What the task requires
Look through the records below for the line with "deg v \<le>". Return that line and each one after it up to and including the line with "(path i) = Some", exactly.

Data for this exercise Block Start

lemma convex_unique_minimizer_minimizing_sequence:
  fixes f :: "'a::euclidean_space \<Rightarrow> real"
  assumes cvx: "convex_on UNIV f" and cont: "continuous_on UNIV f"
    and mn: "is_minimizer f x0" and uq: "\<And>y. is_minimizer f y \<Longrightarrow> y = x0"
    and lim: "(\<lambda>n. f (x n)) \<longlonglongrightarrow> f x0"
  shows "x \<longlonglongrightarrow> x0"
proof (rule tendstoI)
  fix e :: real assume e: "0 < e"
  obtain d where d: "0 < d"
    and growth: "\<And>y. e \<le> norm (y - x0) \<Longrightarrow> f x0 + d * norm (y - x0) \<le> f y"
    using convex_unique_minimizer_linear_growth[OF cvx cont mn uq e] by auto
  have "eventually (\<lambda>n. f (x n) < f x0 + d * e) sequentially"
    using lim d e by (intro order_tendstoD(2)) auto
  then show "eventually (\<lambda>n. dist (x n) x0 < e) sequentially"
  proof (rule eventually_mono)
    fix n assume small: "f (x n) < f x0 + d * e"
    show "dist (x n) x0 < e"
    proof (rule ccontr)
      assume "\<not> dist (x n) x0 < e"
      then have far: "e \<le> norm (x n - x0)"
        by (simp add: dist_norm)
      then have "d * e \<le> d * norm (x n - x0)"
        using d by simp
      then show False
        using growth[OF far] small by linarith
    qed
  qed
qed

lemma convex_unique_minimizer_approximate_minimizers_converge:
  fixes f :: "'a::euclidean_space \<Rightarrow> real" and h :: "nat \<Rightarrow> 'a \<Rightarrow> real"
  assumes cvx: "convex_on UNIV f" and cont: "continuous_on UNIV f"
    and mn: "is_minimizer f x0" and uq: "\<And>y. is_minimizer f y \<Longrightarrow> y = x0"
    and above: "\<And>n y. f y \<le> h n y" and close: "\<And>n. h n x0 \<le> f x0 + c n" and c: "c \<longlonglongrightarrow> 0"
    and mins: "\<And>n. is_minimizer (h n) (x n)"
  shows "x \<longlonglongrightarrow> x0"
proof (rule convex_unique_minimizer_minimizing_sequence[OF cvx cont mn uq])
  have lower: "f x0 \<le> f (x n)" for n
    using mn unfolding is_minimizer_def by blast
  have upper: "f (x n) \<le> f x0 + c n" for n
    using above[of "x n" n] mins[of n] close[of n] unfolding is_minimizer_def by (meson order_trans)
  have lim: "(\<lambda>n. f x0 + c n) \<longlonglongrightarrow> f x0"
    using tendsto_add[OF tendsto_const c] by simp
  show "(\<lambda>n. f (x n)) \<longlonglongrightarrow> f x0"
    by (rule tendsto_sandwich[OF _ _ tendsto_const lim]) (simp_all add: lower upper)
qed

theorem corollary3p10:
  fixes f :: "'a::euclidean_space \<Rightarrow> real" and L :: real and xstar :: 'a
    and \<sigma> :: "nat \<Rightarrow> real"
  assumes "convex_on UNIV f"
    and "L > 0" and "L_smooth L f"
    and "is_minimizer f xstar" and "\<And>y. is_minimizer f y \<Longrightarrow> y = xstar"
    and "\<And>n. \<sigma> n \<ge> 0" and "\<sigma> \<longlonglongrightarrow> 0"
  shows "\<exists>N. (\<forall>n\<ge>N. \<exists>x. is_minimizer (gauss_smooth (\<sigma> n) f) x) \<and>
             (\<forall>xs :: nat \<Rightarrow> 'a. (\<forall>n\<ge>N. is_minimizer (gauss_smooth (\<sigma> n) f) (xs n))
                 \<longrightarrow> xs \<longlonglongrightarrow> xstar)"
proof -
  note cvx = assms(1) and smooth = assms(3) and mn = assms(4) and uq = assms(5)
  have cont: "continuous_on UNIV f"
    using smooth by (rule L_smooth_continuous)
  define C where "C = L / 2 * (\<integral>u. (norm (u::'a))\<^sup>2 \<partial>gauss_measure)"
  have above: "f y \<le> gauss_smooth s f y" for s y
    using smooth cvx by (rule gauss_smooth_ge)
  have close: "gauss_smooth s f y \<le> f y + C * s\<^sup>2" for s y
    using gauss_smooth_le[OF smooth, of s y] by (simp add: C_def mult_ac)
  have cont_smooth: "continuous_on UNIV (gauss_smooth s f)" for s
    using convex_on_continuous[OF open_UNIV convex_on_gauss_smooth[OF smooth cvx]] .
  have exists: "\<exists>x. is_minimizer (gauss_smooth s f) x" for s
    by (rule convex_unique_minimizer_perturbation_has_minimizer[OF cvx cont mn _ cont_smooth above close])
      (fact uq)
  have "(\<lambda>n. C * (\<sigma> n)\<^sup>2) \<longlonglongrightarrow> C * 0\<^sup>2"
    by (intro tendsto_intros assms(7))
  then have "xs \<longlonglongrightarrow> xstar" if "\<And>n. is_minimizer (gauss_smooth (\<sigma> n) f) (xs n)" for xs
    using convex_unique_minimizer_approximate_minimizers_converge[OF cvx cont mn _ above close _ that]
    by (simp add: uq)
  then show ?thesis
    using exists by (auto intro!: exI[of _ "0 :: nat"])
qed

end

Data for this exercise Block End
Data for this exercise Block Start

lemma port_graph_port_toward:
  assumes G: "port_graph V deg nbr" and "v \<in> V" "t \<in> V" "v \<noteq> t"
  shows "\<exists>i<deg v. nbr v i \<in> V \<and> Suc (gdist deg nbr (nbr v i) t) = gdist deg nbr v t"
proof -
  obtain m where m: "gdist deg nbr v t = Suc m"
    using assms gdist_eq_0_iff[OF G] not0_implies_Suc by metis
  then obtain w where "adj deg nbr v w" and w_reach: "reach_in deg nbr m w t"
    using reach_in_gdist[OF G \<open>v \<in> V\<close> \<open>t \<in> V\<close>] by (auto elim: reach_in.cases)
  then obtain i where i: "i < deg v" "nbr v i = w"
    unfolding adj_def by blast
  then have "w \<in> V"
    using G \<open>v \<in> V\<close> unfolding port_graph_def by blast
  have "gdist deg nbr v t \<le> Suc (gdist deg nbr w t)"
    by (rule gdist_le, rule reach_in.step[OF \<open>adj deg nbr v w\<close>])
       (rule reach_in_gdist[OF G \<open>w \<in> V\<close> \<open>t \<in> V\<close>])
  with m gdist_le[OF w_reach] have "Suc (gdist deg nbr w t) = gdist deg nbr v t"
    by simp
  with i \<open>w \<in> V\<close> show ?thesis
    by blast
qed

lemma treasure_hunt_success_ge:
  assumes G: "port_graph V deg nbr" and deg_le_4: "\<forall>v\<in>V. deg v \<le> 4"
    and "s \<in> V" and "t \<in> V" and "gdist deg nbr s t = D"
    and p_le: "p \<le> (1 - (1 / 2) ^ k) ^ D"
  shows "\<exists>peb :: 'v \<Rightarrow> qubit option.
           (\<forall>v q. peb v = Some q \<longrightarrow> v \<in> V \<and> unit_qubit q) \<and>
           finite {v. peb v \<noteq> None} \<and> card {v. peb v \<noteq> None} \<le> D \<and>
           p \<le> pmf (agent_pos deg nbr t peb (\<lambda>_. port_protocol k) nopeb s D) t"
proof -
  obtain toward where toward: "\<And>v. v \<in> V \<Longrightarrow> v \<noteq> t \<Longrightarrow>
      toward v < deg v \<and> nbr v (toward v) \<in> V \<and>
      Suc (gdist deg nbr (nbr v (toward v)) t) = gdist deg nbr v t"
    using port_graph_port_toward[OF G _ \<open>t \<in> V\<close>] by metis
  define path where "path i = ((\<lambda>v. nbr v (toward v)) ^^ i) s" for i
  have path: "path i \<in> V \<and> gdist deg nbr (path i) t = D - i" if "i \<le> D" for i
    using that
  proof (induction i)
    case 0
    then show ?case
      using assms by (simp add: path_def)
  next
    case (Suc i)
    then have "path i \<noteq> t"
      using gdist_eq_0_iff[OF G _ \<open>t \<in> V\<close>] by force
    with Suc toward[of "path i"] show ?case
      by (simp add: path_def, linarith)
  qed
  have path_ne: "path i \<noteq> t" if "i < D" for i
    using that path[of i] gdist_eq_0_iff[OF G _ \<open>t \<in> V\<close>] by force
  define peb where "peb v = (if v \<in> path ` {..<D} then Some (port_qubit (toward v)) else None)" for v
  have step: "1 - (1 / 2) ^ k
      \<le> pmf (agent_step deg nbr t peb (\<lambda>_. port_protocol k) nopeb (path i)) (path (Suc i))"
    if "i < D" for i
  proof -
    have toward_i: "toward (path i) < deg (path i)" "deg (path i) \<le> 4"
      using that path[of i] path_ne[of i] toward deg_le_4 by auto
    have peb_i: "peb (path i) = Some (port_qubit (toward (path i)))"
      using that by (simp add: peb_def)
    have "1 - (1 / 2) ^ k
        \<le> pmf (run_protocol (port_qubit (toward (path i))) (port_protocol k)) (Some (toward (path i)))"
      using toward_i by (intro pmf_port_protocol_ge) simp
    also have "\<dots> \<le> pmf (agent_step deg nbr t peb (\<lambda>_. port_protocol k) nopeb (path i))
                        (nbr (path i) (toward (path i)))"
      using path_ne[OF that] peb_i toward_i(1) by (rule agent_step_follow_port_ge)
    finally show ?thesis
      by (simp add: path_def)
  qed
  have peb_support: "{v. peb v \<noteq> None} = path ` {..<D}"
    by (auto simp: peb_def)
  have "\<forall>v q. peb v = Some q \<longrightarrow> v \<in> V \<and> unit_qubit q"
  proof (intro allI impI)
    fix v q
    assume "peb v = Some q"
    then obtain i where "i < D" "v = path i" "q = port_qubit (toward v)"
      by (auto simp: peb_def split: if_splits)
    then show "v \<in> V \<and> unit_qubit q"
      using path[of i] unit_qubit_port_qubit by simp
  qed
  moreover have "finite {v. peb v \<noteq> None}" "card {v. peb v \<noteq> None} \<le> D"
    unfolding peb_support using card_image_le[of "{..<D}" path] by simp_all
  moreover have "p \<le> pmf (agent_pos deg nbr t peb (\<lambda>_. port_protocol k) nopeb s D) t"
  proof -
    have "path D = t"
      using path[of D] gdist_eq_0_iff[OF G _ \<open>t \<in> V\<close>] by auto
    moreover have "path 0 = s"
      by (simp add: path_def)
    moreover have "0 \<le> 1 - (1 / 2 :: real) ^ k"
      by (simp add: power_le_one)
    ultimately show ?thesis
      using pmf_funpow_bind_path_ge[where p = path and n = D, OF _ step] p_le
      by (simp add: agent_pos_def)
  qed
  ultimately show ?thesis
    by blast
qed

Data for this exercise Block End

Your response
  assumes G: "port_graph V deg nbr" and deg_le_4: "\<forall>v\<in>V. deg v \<le> 4"
    and "s \<in> V" and "t \<in> V" and "gdist deg nbr s t = D"
    and p_le: "p \<le> (1 - (1 / 2) ^ k) ^ D"
  shows "\<exists>peb :: 'v \<Rightarrow> qubit option.
           (\<forall>v q. peb v = Some q \<longrightarrow> v \<in> V \<and> unit_qubit q) \<and>
           finite {v. peb v \<noteq> None} \<and> card {v. peb v \<noteq> None} \<le> D \<and>
           p \<le> pmf (agent_pos deg nbr t peb (\<lambda>_. port_protocol k) nopeb s D) t"
proof -
  obtain toward where toward: "\<And>v. v \<in> V \<Longrightarrow> v \<noteq> t \<Longrightarrow>
      toward v < deg v \<and> nbr v (toward v) \<in> V \<and>
      Suc (gdist deg nbr (nbr v (toward v)) t) = gdist deg nbr v t"
    using port_graph_port_toward[OF G _ \<open>t \<in> V\<close>] by metis
  define path where "path i = ((\<lambda>v. nbr v (toward v)) ^^ i) s" for i
  have path: "path i \<in> V \<and> gdist deg nbr (path i) t = D - i" if "i \<le> D" for i
    using that
  proof (induction i)
    case 0
    then show ?case
      using assms by (simp add: path_def)
  next
    case (Suc i)
    then have "path i \<noteq> t"
      using gdist_eq_0_iff[OF G _ \<open>t \<in> V\<close>] by force
    with Suc toward[of "path i"] show ?case
      by (simp add: path_def, linarith)
  qed
  have path_ne: "path i \<noteq> t" if "i < D" for i
    using that path[of i] gdist_eq_0_iff[OF G _ \<open>t \<in> V\<close>] by force
  define peb where "peb v = (if v \<in> path ` {..<D} then Some (port_qubit (toward v)) else None)" for v
  have step: "1 - (1 / 2) ^ k
      \<le> pmf (agent_step deg nbr t peb (\<lambda>_. port_protocol k) nopeb (path i)) (path (Suc i))"
    if "i < D" for i
  proof -
    have toward_i: "toward (path i) < deg (path i)" "deg (path i) \<le> 4"
      using that path[of i] path_ne[of i] toward deg_le_4 by auto
    have peb_i: "peb (path i) = Some (port_qubit (toward (path i)))"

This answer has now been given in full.